Girls are usually more dutiful and obedient than boys, and they should be subjected to
more authority, but that is no reason why they should be required to do things in which
they can see neither rhyme nor reason. The mother's art consists in showing the use of
everything they are set to do, and this is all the easier as the girl's intelligence is more
mature than the boys.
Also, little girls soon learn to babble very nicely, and that's why men enjoy listening to
them even before the child himself can understand them. Women have ready tongues;
they talk earlier, more easily, and more pleasantly than men. They are also said to talk
more; this may be true, but I am prepared to reckon it to their credit; eyes and mouth are
equally busy and for the same cause. A man says what he knows, a woman says what will
please others; the one needs knowledge, the other good taste; utility should be the man's
object; the woman speaks to give pleasure.
A Woman requires dutifulness and obedience all her life, for she will always be under
subjection to a man, or to a man's judgment, and she will never be free to set her own
opinion above his. What is most wanted in a woman is gentleness; formed to obey a
creature so imperfect as man, a creature often vicious and always faulty, she should early
learn to submit to injustice and to suffer the wrongs inflicted on her by her husband
without complaint; she must be gentle for her own sake, not for his husband. Bitterness
and obstinacy only multiply the sufferings of the wife and the misdeeds of the husband;
also the man feels that these are not her weapons to be used against him. But, a man,
unless he is a perfect monster, will sooner or later yield to his wife's gentleness, and the
victory will be hers.
Rousseau expresses to the reader, a general sentiment that, he hates all books-including,
especially, the book of books, the books of religion and morality, particularly the Bible.
Books act as intermediaries between men and external world; they attach men to the
opinions of others rather than forcing them to understand on their own rather than
leaving them in ignorance. They excite the imagination, increasing thereby the desires,
the hopes, and the fears beyond the realm of the necessity. All of Emile's early rearing is
an elaborate attempt to avoid the emergence of the imagination.

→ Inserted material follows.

(* Consider NSGA-III (as described in the context) with population size $\mu \ge n+1$ and $\mu = \mathrm{poly}(n)$, nadir threshold $\varepsilon_{\mathrm{nad}} \ge n$ and reference-point parameter $p \ge 4\sqrt{2}\,n$, maximizing $2$-OMM on $\{0,1\}^n$, and let $c>0$ be a constant. Then, with probability $1-o(1)$, after $cn/\ln(n)$ generations there is no $y \in P_t$ with $|y|_1 \ge 3n/4$.
   Context: For $x\in\{0,1\}^n$ let $|x|_1$ be its number of ones and $|x|_0 = n-|x|_1$ its number of zeros. The bi-objective function $2$-OMM$\colon \{0,1\}^n\to\mathbb{N}_0^2$ is $x\mapsto (|x|_1,|x|_0)$, to be maximized. NSGA-III with population size $\mu$ works as follows. $P_0$ consists of $\mu$ independent uniformly random bit strings. In generation $t$, an offspring multiset $Q_t$ of $\mu$ individuals is created, each by choosing a parent uniformly at random from $P_t$ and flipping each bit independently with probability $1/n$. $R_t=P_t\cup Q_t$ is partitioned by non-dominated sorting into fronts $F^1_t,F^2_t,\dots$ ($F^1_t$ the non-dominated individuals, $F^i_t$ those dominated only by individuals of earlier fronts); let $i^*$ be minimal with $\sum_{i\le i^*}|F^i_t|\ge\mu$; all individuals of $F^1_t,\dots,F^{i^*-1}_t$ survive and the rest are selected from $F^{i^*}_t$ as follows. Objectives are normalized as $f^n_j(x)=(f_j(x)-y_j^{\min})/(y_j^{\mathrm{nad}}-y_j^{\min})$, where $y^{\min}_j$ is the minimum value of objective $j$ seen so far and the nadir point $y^{\mathrm{nad}}$ is computed by the procedure of Wietheger and Doerr (2023), satisfying $y^{\mathrm{nad}}_j\ge\varepsilon_{\mathrm{nad}}$ for a user threshold $\varepsilon_{\mathrm{nad}}>0$. The reference points are $\mathcal{R}_p=\{(a_1/p,\dots,a_m/p): a_i\in\mathbb{N}_0,\sum a_i=p\}$ ($m$ the number of objectives). Each individual is associated with the reference point $r$ minimizing the distance from its normalized vector to the line through the origin and $r$. Then repeatedly a reference point $r$ with the fewest already selected associated individuals (counting the individuals of earlier fronts; ties broken uniformly at random) is chosen; among the not-yet-selected individuals of $F^{i^*}_t$ associated with $r$, one whose normalized vector is closest to $r$ is selected (ties broken at random); if none exists, $r$ is discarded; this stops when $\mu$ individuals are selected in total, giving $P_{t+1}$. Asymptotic notation refers to $n\to\infty$. *)

theory Defs
  imports "HOL-Probability.Probability" "HOL-Library.Landau_Symbols"
begin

Too much reading only produces a pretentious ignoramus. There was never so much
reading in any age as the present, and never was there less learning. Those who think it is
enough to read our books are mistaken; there is more to be learnt from the conversation
with authors of those books than the books themselves; and it is not even from the
authors that we learn most; It is the animated spirit of an active social life which develops
a thinking mind, and carries the eye as far as it can reach. The misuse of books is the
death of sound learning. People think they know what they have read, and take no pains
to investigate any further.
There are plenty of people who learn no more from their travels than from their books,
because they do not know how to think; because while reading their mind is at least
under the guidance of the author, and in their travels they do not know how to see for
themselves. Others learn nothing, because they have no desire to learn. Their object is so
entirely different, that this never occurs to them; it is very unlikely that you will see clearly
what you take no trouble to look for. The ancients travelled little, read little, and wrote few
books; yet we see in those books that remain to us, that they observed each other much
more thoroughly than we observe in our contemporaries.